» **What needs to be done**
Look through the lines below and extract each one that contains "fixes".

» **Information shown**
lemma pinv_sol_orthonormal_cols:
  assumes S: "S \<subseteq> {..<n}" and x: "x \<in> carrier_vec n"
  shows "pinv_sol A S (A *\<^sub>v x) = restrict_vec S x"
proof -
  have fin: "finite S" using S finite_subset by blast
  have AS: "sub_cols A S \<in> carrier_mat m (card S)"
    using sub_cols_carrier[OF fin, of A] A_carrier by simp
  have "(transpose_mat (sub_cols A S) *\<^sub>v (A *\<^sub>v x)) $ card {j \<in> S. j < i} = x $ i"
    if i: "i \<in> S" for i
  proof -
    have "card {j \<in> S. j < i} < card S"
      using i fin by (intro psubset_card_mono) auto
    then have "(transpose_mat (sub_cols A S) *\<^sub>v (A *\<^sub>v x)) $ card {j \<in> S. j < i}
        = col A i \<bullet> (A *\<^sub>v x)"
      using AS col_sub_cols_card_less[OF S i] by simp
    also have "\<dots> = (transpose_mat A *\<^sub>v (A *\<^sub>v x)) $ i" using A_carrier S i by auto
    finally show ?thesis using transpose_mult_mat_vec_cancel[OF x] by simp
  qed
  then show ?thesis
    unfolding pinv_sol_def restrict_vec_def pinv_orthonormal_cols[OF AS orthonormal_cols_sub_cols[OF S]]
    using A_carrier x by (intro eq_vecI) auto
qed

context
  fixes xs :: "real vec"
  assumes xs_carrier: "xs \<in> carrier_vec n"
begin

lemma sea_x_eq_restrict:
  assumes "X0 \<in> carrier_vec n"
  shows "sea_x A (A *\<^sub>v xs) k \<eta> X0 t = restrict_vec (sea_S A (A *\<^sub>v xs) k \<eta> X0 t) xs"
  unfolding sea_x_def using pinv_sol_orthonormal_cols[OF sea_S_subset[OF A_carrier assms] xs_carrier] .

lemma sea_gradient:
  assumes "X0 \<in> carrier_vec n"
  shows "transpose_mat A *\<^sub>v (A *\<^sub>v sea_x A (A *\<^sub>v xs) k \<eta> X0 t - A *\<^sub>v xs)
     = restrict_vec (sea_S A (A *\<^sub>v xs) k \<eta> X0 t) xs - xs"
  using transpose_mult_residual xs_carrier by (simp add: sea_x_eq_restrict[OF assms])

lemma oracle_u_minus_sea_step_eq_0:
  assumes "X0 \<in> carrier_vec n"
  shows "oracle_u A xs (A *\<^sub>v xs) k \<eta> X0 t
     - \<eta> \<cdot>\<^sub>v (transpose_mat A *\<^sub>v (A *\<^sub>v sea_x A (A *\<^sub>v xs) k \<eta> X0 t - A *\<^sub>v xs)) = 0\<^sub>v n"
  unfolding sea_gradient[OF assms] oracle_u_def restrict_vec_def supp_vec_def
  using xs_carrier by (intro eq_vecI) auto

lemma sea_x_eq_iff:
  assumes "X0 \<in> carrier_vec n"
  shows "sea_x A (A *\<^sub>v xs) k \<eta> X0 t = xs \<longleftrightarrow> supp_vec xs \<subseteq> sea_S A (A *\<^sub>v xs) k \<eta> X0 t"
  by (simp add: sea_x_eq_restrict[OF assms] restrict_vec_eq_iff)

lemma sea_residual_eq_0_iff:
  assumes X0: "X0 \<in> carrier_vec n"
  shows "A *\<^sub>v sea_x A (A *\<^sub>v xs) k \<eta> X0 t - A *\<^sub>v xs = 0\<^sub>v m
     \<longleftrightarrow> supp_vec xs \<subseteq> sea_S A (A *\<^sub>v xs) k \<eta> X0 t"
proof
  assume "A *\<^sub>v sea_x A (A *\<^sub>v xs) k \<eta> X0 t - A *\<^sub>v xs = 0\<^sub>v m"
  moreover have "transpose_mat A *\<^sub>v 0\<^sub>v m = 0\<^sub>v n"
    using A_carrier by (intro eq_vecI) auto
  ultimately have "restrict_vec (sea_S A (A *\<^sub>v xs) k \<eta> X0 t) xs - xs = 0\<^sub>v n"
    using sea_gradient[OF X0, of k \<eta> t] by simp
  then have "restrict_vec (sea_S A (A *\<^sub>v xs) k \<eta> X0 t) xs = xs"
    using xs_carrier by (auto simp: restrict_vec_def vec_eq_iff)
  then show "supp_vec xs \<subseteq> sea_S A (A *\<^sub>v xs) k \<eta> X0 t"
    by (simp add: restrict_vec_eq_iff)
next
  assume "supp_vec xs \<subseteq> sea_S A (A *\<^sub>v xs) k \<eta> X0 t"
  then have "sea_x A (A *\<^sub>v xs) k \<eta> X0 t = xs" by (simp add: sea_x_eq_iff[OF X0])
  then show "A *\<^sub>v sea_x A (A *\<^sub>v xs) k \<eta> X0 t - A *\<^sub>v xs = 0\<^sub>v m"
    using minus_cancel_vec[OF mult_mat_vec_carrier[OF A_carrier xs_carrier]] by simp
qed

lemma sea_X_nth:
  assumes X0: "X0 \<in> carrier_vec n" and i: "i < n"
  shows "sea_X A (A *\<^sub>v xs) k \<eta> X0 t $ i
     = X0 $ i + (\<Sum>s<t. if i \<in> sea_S A (A *\<^sub>v xs) k \<eta> X0 s then 0 else \<eta>) * xs $ i"
proof (induction t)
  case (Suc t)
  have "sea_X A (A *\<^sub>v xs) k \<eta> X0 (Suc t) $ i
      = sea_X A (A *\<^sub>v xs) k \<eta> X0 t $ i + (if i \<in> sea_S A (A *\<^sub>v xs) k \<eta> X0 t then 0 else \<eta>) * xs $ i"
    using i xs_carrier sea_X_carrier[OF A_carrier X0]
    by (simp add: sea_X_Suc sea_gradient[OF X0] restrict_vec_def algebra_simps del: sea_X.simps)
  then show ?case using Suc.IH by (simp add: algebra_simps)
qed simp

lemma supp_sea_X_zero_init_subset_sea_S:
  assumes "card (supp_vec xs) \<le> k"
  shows "supp_vec (sea_X A (A *\<^sub>v xs) k \<eta> (0\<^sub>v n) t) \<subseteq> sea_S A (A *\<^sub>v xs) k \<eta> (0\<^sub>v n) t"
proof -
  have "supp_vec (sea_X A (A *\<^sub>v xs) k \<eta> (0\<^sub>v n) t) \<subseteq> supp_vec xs"
    using sea_X_carrier[OF A_carrier zero_carrier_vec, of "A *\<^sub>v xs" k \<eta> t] xs_carrier
    by (auto simp: supp_vec_def sea_X_nth simp del: sea_X.simps)
  then have "card (supp_vec (sea_X A (A *\<^sub>v xs) k \<eta> (0\<^sub>v n) t)) \<le> k"
    using assms card_mono[OF finite_supp_vec] le_trans by blast
  then show ?thesis unfolding sea_S_def by (rule supp_vec_subset_largest_k)
qed

lemma sea_X_zero_init_eq_0_iff:
  assumes "\<eta> > 0" and "i \<in> supp_vec xs"
  shows "sea_X A (A *\<^sub>v xs) k \<eta> (0\<^sub>v n) t $ i = 0 \<longleftrightarrow> (\<forall>s<t. i \<in> sea_S A (A *\<^sub>v xs) k \<eta> (0\<^sub>v n) s)"
proof -
  have "i < n" and "xs $ i \<noteq> 0" using assms(2) xs_carrier by (auto simp: supp_vec_def)
  then have "sea_X A (A *\<^sub>v xs) k \<eta> (0\<^sub>v n) t $ i = 0
      \<longleftrightarrow> (\<Sum>s<t. if i \<in> sea_S A (A *\<^sub>v xs) k \<eta> (0\<^sub>v n) s then 0 else \<eta>) = 0"
    by (simp add: sea_X_nth del: sea_X.simps)
  also have "\<dots> \<longleftrightarrow> (\<forall>s<t. i \<in> sea_S A (A *\<^sub>v xs) k \<eta> (0\<^sub>v n) s)"
    using assms(1) by (auto simp: sum_nonneg_eq_0_iff)
  finally show ?thesis .
qed

lemma sea_S_zero_init_covers_supp:
  assumes "\<eta> > 0" and "card (supp_vec xs) \<le> k"
  shows "\<exists>s\<le>k. supp_vec xs \<subseteq> sea_S A (A *\<^sub>v xs) k \<eta> (0\<^sub>v n) s"
proof (rule ccontr)
  let ?X = "sea_X A (A *\<^sub>v xs) k \<eta> (0\<^sub>v n)" and ?S = "sea_S A (A *\<^sub>v xs) k \<eta> (0\<^sub>v n)"
  assume "\<not> ?thesis"
  then have "\<forall>s. \<exists>i. s \<le> k \<longrightarrow> i \<in> supp_vec xs - ?S s" by blast
  then obtain f where f: "\<And>s. s \<le> k \<Longrightarrow> f s \<in> supp_vec xs - ?S s" by metis
  have selected_before: "f s \<in> ?S s'" if "s \<le> k" and "s' < s" for s s'
  proof -
    have "f s \<notin> supp_vec (?X s)"
      using f[OF \<open>s \<le> k\<close>] supp_sea_X_zero_init_subset_sea_S[OF assms(2)] by blast
    moreover have "f s < dim_vec (?X s)"
      using f[OF \<open>s \<le> k\<close>] xs_carrier
        sea_X_carrier[OF A_carrier zero_carrier_vec, of "A *\<^sub>v xs" k \<eta> s]
      by (auto simp: supp_vec_def)
    ultimately have "?X s $ f s = 0" by (simp add: supp_vec_def)
    then show ?thesis using sea_X_zero_init_eq_0_iff[OF assms(1)] f that by blast
  qed
  have "inj_on f {..k}"
    by (rule linorder_inj_onI') (use f selected_before in fastforce)
  then have "card {..k} \<le> card (supp_vec xs)"
    using f by (intro card_inj_on_le) (auto simp: finite_supp_vec)
  then show False using assms(2) by simp
qed

end

end
(* Let $b,n$ be positive integers, $c$ a nonnegative integer, and $a_2,\dots,a_n$ integers. With $\mathbf a=(0,0,a_2,\dots,a_n,-\sum_{j=2}^n a_j)$ and $\tilde{\mathbf a}=(0,a_2,\dots,a_n,-\sum_{j=2}^n a_j)$, $$K_{k^{1,b,c}_{n+2}}(\mathbf a)=K_{k^{c+1,b,c}_{n+1}}(\tilde{\mathbf a}).$$
   Context: For a positive integer $m$ and nonnegative integers $a,b,c$, $k_{m+2}^{a,b,c}$ is the directed multigraph on vertex set $\{0,1,\dots,m+1\}$ with edge $(0,i)$ of multiplicity $a$ and edge $(i,m+1)$ of multiplicity $b$ for each $i\in[m]$, and edge $(i,j)$ of multiplicity $c$ for $1\le i<j\le m$; edges $(i,j)$ are oriented $i\to j$. For such a graph $G$ on $\{0,\dots,m+1\}$ and a vector $\mathbf v=(v_0,\dots,v_{m+1})$ with $\sum v_i=0$, $K_G(\mathbf v)$ is the number of $f\in\mathbb Z_{\ge0}^{E(G)}$ such that the net flow (outgoing minus incoming) at each vertex $u$ equals $v_u$. (Here $k^{1,b,c}_{n+2}$ has vertices $0,\dots,n+1$ and $k^{c+1,b,c}_{n+1}$ has vertices $0,\dots,n$.) *)

theory Defs
  imports Main
begin

(* A directed multigraph on vertex set {0..N} with edges oriented i -> j for i < j is
   given by a multiplicity function mult i j.  Its edges are the triples (i, j, k)
   with i < j <= N and k < mult i j (k distinguishes parallel copies). *)
definition mg_edges :: "nat \<Rightarrow> (nat \<Rightarrow> nat \<Rightarrow> nat) \<Rightarrow> (nat \<times> nat \<times> nat) set" where
  "mg_edges N mult = {(i, j, k). i < j \<and> j \<le> N \<and> k < mult i j}"

definition net_flow :: "nat \<Rightarrow> (nat \<Rightarrow> nat \<Rightarrow> nat) \<Rightarrow> (nat \<times> nat \<times> nat \<Rightarrow> nat) \<Rightarrow> nat \<Rightarrow> int" where
  "net_flow N mult f u =
     int (\<Sum>e\<in>{e \<in> mg_edges N mult. fst e = u}. f e)
   - int (\<Sum>e\<in>{e \<in> mg_edges N mult. fst (snd e) = u}. f e)"

definition kostant :: "nat \<Rightarrow> (nat \<Rightarrow> nat \<Rightarrow> nat) \<Rightarrow> (nat \<Rightarrow> int) \<Rightarrow> nat" where
  "kostant N mult v = card {f :: nat \<times> nat \<times> nat \<Rightarrow> nat.
      (\<forall>e. e \<notin> mg_edges N mult \<longrightarrow> f e = 0) \<and>
      (\<forall>u \<le> N. net_flow N mult f u = v u)}"

(* multiplicities of k_{m+2}^{a,b,c} on vertices {0..m+1} *)
definition k_mult :: "nat \<Rightarrow> nat \<Rightarrow> nat \<Rightarrow> nat \<Rightarrow> nat \<Rightarrow> nat \<Rightarrow> nat" where
  "k_mult m a b c i j =
     (if i = 0 \<and> 1 \<le> j \<and> j \<le> m then a
      else if 1 \<le> i \<and> i \<le> m \<and> j = m + 1 then b
      else if 1 \<le> i \<and> i < j \<and> j \<le> m then c
      else 0)"

definition K_k :: "nat \<Rightarrow> nat \<Rightarrow> nat \<Rightarrow> nat \<Rightarrow> (nat \<Rightarrow> int) \<Rightarrow> nat" where
  "K_k m a b c v = kostant (m + 1) (k_mult m a b c) v"

end

theory Submission
  imports Defs
begin

(* Vertex 0 of a graph k_{m+2}^{a,b,c} receives no flow, and in k^{1,b,c}_{n+2} vertex 1 receives
   flow only from vertex 0. Zero net flow at these vertices therefore forces every edge leaving
   them to carry zero flow, in k^{1,b,c}_{n+2} at vertices 0 and 1 and in k^{c+1,b,c}_{n+1} at
   vertex 0. Deleting these edges leaves the same multigraph in both cases once the vertices of
   the first graph are relabelled u -> u - 1, and the demand vectors correspond under the same
   relabelling. *)

lemma finite_mg_edges: "finite (mg_edges N mult)"
proof (rule finite_subset)
  show "mg_edges N mult \<subseteq> (SIGMA i:{..N}. SIGMA j:{..N}. {..<mult i j})"
    by (auto simp: mg_edges_def)
qed auto

lemma net_flow_supported_subgraph:
  assumes "mg_edges N mult' \<subseteq> mg_edges N mult"
    and "\<And>e. e \<notin> mg_edges N mult' \<Longrightarrow> f e = 0"
  shows "net_flow N mult f u = net_flow N mult' f u"
proof -
  have "(\<Sum>e\<in>{e \<in> mg_edges N mult. P e}. f e) = (\<Sum>e\<in>{e \<in> mg_edges N mult'. P e}. f e)" for P
    using assms by (intro sum.mono_neutral_right) (simp add: finite_mg_edges, blast, blast)
  then show ?thesis
    by (simp add: net_flow_def)
qed

lemma flow_vanishes_below:
  assumes supp: "\<And>e. e \<notin> mg_edges N mult \<Longrightarrow> f e = 0"
    and balanced: "\<And>u. u < s \<Longrightarrow> u \<le> N \<Longrightarrow> net_flow N mult f u = 0"
    and "fst e < s"
  shows "f e = 0"
  using balanced \<open>fst e < s\<close>
proof (induction s arbitrary: e)
  case (Suc t)
  consider "fst e < t" | "e \<notin> mg_edges N mult" | "fst e = t" "e \<in> mg_edges N mult"
    using Suc.prems(2) by linarith
  then show ?case
  proof cases
    case 3
    then have "t \<le> N" by (auto simp: mg_edges_def)
    then have "net_flow N mult f t = 0" using Suc.prems(1) by simp
    moreover have "(\<Sum>e\<in>{e \<in> mg_edges N mult. fst (snd e) = t}. f e) = 0"
      using Suc by (intro sum.neutral) (auto simp: mg_edges_def)
    ultimately have "(\<Sum>e\<in>{e \<in> mg_edges N mult. fst e = t}. f e) = 0"
      unfolding net_flow_def by linarith
    then have "\<forall>e\<in>{e \<in> mg_edges N mult. fst e = t}. f e = 0"
      by (simp add: finite_mg_edges)
    then show ?thesis using 3 by blast
  qed (use Suc supp in auto)
qed simp

lemma kostant_drop_low_tails:
  assumes "\<And>u. u < s \<Longrightarrow> v u = 0"
  shows "kostant N mult v = kostant N (\<lambda>i j. if s \<le> i then mult i j else 0) v"
proof -
  let ?mult' = "\<lambda>i j. if s \<le> i then mult i j else 0"
  have edges: "mg_edges N ?mult' = {e \<in> mg_edges N mult. s \<le> fst e}"
    by (auto simp: mg_edges_def split: if_splits)
  then have sub: "mg_edges N ?mult' \<subseteq> mg_edges N mult"
    by blast
  have "(\<forall>e. e \<notin> mg_edges N mult \<longrightarrow> f e = 0) \<and> (\<forall>u \<le> N. net_flow N mult f u = v u)
    \<longleftrightarrow> (\<forall>e. e \<notin> mg_edges N ?mult' \<longrightarrow> f e = 0) \<and> (\<forall>u \<le> N. net_flow N ?mult' f u = v u)"
    (is "?flow \<longleftrightarrow> ?flow'") for f
  proof
    assume flow: ?flow
    have low: "f e = 0" if "fst e < s" for e
    proof (rule flow_vanishes_below[of N mult f s])
      show "net_flow N mult f u = 0" if "u < s" "u \<le> N" for u
        using flow assms that by simp
    qed (use flow that in blast)+
    have supp': "\<forall>e. e \<notin> mg_edges N ?mult' \<longrightarrow> f e = 0"
      using flow low unfolding edges by (metis (mono_tags) mem_Collect_eq not_le)
    then have "net_flow N mult f u = net_flow N ?mult' f u" for u
      using net_flow_supported_subgraph[OF sub] by blast
    with flow supp' show ?flow'
      by simp
  next
    assume flow': ?flow'
    then have "net_flow N mult f u = net_flow N ?mult' f u" for u
      using net_flow_supported_subgraph[OF sub] by blast
    with flow' sub show ?flow
      by (simp, blast)
  qed
  then show ?thesis
    by (simp add: kostant_def)
qed

definition shift_edge :: "nat \<times> nat \<times> nat \<Rightarrow> nat \<times> nat \<times> nat" where
  "shift_edge = map_prod Suc (map_prod Suc id)"

lemma inj_shift_edge: "inj shift_edge"
  by (auto simp: inj_def shift_edge_def)

lemma mg_edges_shift:
  assumes "\<And>j. mult 0 j = 0"
  shows "mg_edges (Suc N) mult = shift_edge ` mg_edges N (\<lambda>i j. mult (Suc i) (Suc j))"
proof
  show "mg_edges (Suc N) mult \<subseteq> shift_edge ` mg_edges N (\<lambda>i j. mult (Suc i) (Suc j))"
  proof
    fix e assume e: "e \<in> mg_edges (Suc N) mult"
    obtain i j k where ijk: "e = (i, j, k)"
      by (cases e)
    with e assms have "0 < i"
      by (auto simp: mg_edges_def intro!: gr0I)
    with e ijk show "e \<in> shift_edge ` mg_edges N (\<lambda>i j. mult (Suc i) (Suc j))"
      by (intro image_eqI[of _ _ "(i - 1, j - 1, k)"]) (auto simp: shift_edge_def mg_edges_def)
  qed
qed (auto simp: shift_edge_def mg_edges_def)

lemma net_flow_shift:
  assumes "\<And>j. mult 0 j = 0"
  shows "net_flow (Suc N) mult f (Suc u)
       = net_flow N (\<lambda>i j. mult (Suc i) (Suc j)) (f \<circ> shift_edge) u"
proof -
  let ?E' = "mg_edges N (\<lambda>i j. mult (Suc i) (Suc j))"
  have "(\<Sum>e\<in>{e \<in> mg_edges (Suc N) mult. P e}. f e)
      = (\<Sum>e\<in>{e \<in> ?E'. P (shift_edge e)}. f (shift_edge e))" for P
  proof -
    have "{e \<in> mg_edges (Suc N) mult. P e} = shift_edge ` {e \<in> ?E'. P (shift_edge e)}"
      unfolding mg_edges_shift[of mult, OF assms] by blast
    then show ?thesis
      using inj_shift_edge by (simp add: sum.reindex inj_on_subset)
  qed
  then show ?thesis
    by (simp add: net_flow_def shift_edge_def)
qed

lemma net_flow_at_isolated_0:
  assumes "\<And>j. mult 0 j = 0"
  shows "net_flow N mult f 0 = 0"
proof -
  have no_edges: "{e \<in> mg_edges N mult. fst e = 0} = {}"
    "{e \<in> mg_edges N mult. fst (snd e) = 0} = {}"
    using assms by (auto simp: mg_edges_def intro!: gr0I)
  then show ?thesis
    unfolding net_flow_def no_edges by simp
qed

lemma kostant_shift:
  assumes no_out: "\<And>j. mult 0 j = 0" and "v 0 = 0"
  shows "kostant (Suc N) mult v = kostant N (\<lambda>i j. mult (Suc i) (Suc j)) (\<lambda>u. v (Suc u))"
proof -
  let ?mult' = "\<lambda>i j. mult (Suc i) (Suc j)"
  define S where "S = {f. (\<forall>e. e \<notin> mg_edges (Suc N) mult \<longrightarrow> f e = 0)
    \<and> (\<forall>u \<le> Suc N. net_flow (Suc N) mult f u = v u)}"
  define S' where "S' = {g. (\<forall>e. e \<notin> mg_edges N ?mult' \<longrightarrow> g e = 0)
    \<and> (\<forall>u \<le> N. net_flow N ?mult' g u = v (Suc u))}"
  define unshift :: "(nat \<times> nat \<times> nat \<Rightarrow> nat) \<Rightarrow> nat \<times> nat \<times> nat \<Rightarrow> nat" where
    "unshift g e = (if e \<in> range shift_edge then g (inv shift_edge e) else 0)" for g e
  have edges: "mg_edges (Suc N) mult = shift_edge ` mg_edges N ?mult'"
    using mg_edges_shift[of mult, OF no_out] .
  have shift_in_edges: "shift_edge e \<in> mg_edges (Suc N) mult \<longleftrightarrow> e \<in> mg_edges N ?mult'" for e
    unfolding edges using inj_shift_edge by (simp add: inj_image_mem_iff)
  have unshift_shift: "unshift g \<circ> shift_edge = g" for g
    using inj_shift_edge by (simp add: unshift_def fun_eq_iff)
  have "bij_betw (\<lambda>f. f \<circ> shift_edge) S S'"
  proof (rule bij_betw_byWitness[where f' = unshift])
    show "\<forall>f\<in>S. unshift (f \<circ> shift_edge) = f"
    proof (intro ballI ext)
      fix f e assume "f \<in> S"
      show "unshift (f \<circ> shift_edge) e = f e"
      proof (cases "e \<in> range shift_edge")
        case True
        then show ?thesis
          by (simp add: unshift_def f_inv_into_f)
      next
        case False
        then have "e \<notin> mg_edges (Suc N) mult"
          using edges by blast
        then have "f e = 0"
          using \<open>f \<in> S\<close> unfolding S_def by blast
        with False show ?thesis
          by (simp add: unshift_def)
      qed
    qed
    show "\<forall>g\<in>S'. unshift g \<circ> shift_edge = g"
      using unshift_shift by blast
    show "(\<lambda>f. f \<circ> shift_edge) ` S \<subseteq> S'"
    proof (rule image_subsetI)
      fix f assume "f \<in> S"
      then have "\<And>e. e \<notin> mg_edges (Suc N) mult \<Longrightarrow> f e = 0"
        and "\<And>u. u \<le> Suc N \<Longrightarrow> net_flow (Suc N) mult f u = v u"
        unfolding S_def by blast+
      then show "f \<circ> shift_edge \<in> S'"
        by (simp add: S'_def shift_in_edges net_flow_shift[of mult, OF no_out, symmetric])
    qed
    show "unshift ` S' \<subseteq> S"
    proof
      fix f assume "f \<in> unshift ` S'"
      then obtain g where g: "g \<in> S'" and f: "f = unshift g"
        by blast
      have "net_flow (Suc N) mult f u = v u" if "u \<le> Suc N" for u
      proof (cases u)
        case 0
        then show ?thesis
          using net_flow_at_isolated_0[of mult, OF no_out] \<open>v 0 = 0\<close> by simp
      next
        case (Suc u')
        then show ?thesis
          using g that by (simp add: S'_def f net_flow_shift[of mult, OF no_out] unshift_shift)
      qed
      moreover have "f e = 0" if "e \<notin> mg_edges (Suc N) mult" for e
        using g that by (auto simp: S'_def f unshift_def shift_in_edges inv_f_f[OF inj_shift_edge])
      ultimately show "f \<in> S"
        by (simp add: S_def)
    qed
  qed
  then show ?thesis
    unfolding kostant_def S_def S'_def by (rule bij_betw_same_card)
qed

lemma k_mult_Suc_Suc:
  assumes "0 < m" "0 < i"
  shows "k_mult m a b c (Suc i) (Suc j) = k_mult (m - 1) a' b c i j"
  using assms by (auto simp: k_mult_def)

theorem proposition5p6:
  fixes b n c :: nat and a :: "nat \<Rightarrow> int"
  assumes "b > 0" and "n > 0"
  shows "K_k n 1 b c
           (\<lambda>j. if j \<le> 1 then 0 else if j \<le> n then a j
                 else if j = n + 1 then - (\<Sum>i=2..n. a i) else 0)
       = K_k (n - 1) (c + 1) b c
           (\<lambda>j. if j = 0 then 0 else if j \<le> n - 1 then a (j + 1)
                 else if j = n then - (\<Sum>i=2..n. a i) else 0)"
    (is "K_k n 1 b c ?v = K_k (n - 1) (c + 1) b c ?w")
proof -
  let ?mult = "k_mult n 1 b c" and ?mult' = "k_mult (n - 1) (c + 1) b c"
  have "K_k n 1 b c ?v = kostant (Suc n) ?mult ?v"
    by (simp add: K_k_def)
  also have "\<dots> = kostant (Suc n) (\<lambda>i j. if 2 \<le> i then ?mult i j else 0) ?v"
    by (rule kostant_drop_low_tails) simp
  also have "\<dots> = kostant n (\<lambda>i j. if 2 \<le> Suc i then ?mult (Suc i) (Suc j) else 0)
                               (\<lambda>u. ?v (Suc u))"
    by (rule kostant_shift) auto
  also have "\<dots> = kostant n (\<lambda>i j. if 1 \<le> i then ?mult' i j else 0) ?w"
    using \<open>n > 0\<close> k_mult_Suc_Suc[of n]
    by (intro arg_cong2[where f = "kostant n"]) (auto simp: fun_eq_iff)
  also have "\<dots> = kostant n ?mult' ?w"
    by (rule kostant_drop_low_tails[symmetric]) simp
  also have "\<dots> = K_k (n - 1) (c + 1) b c ?w"
    using \<open>n > 0\<close> by (simp add: K_k_def)
  finally show ?thesis .
qed

end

» **Written response**
  fixes xs :: "real vec"
  fixes b n c :: nat and a :: "nat \<Rightarrow> int"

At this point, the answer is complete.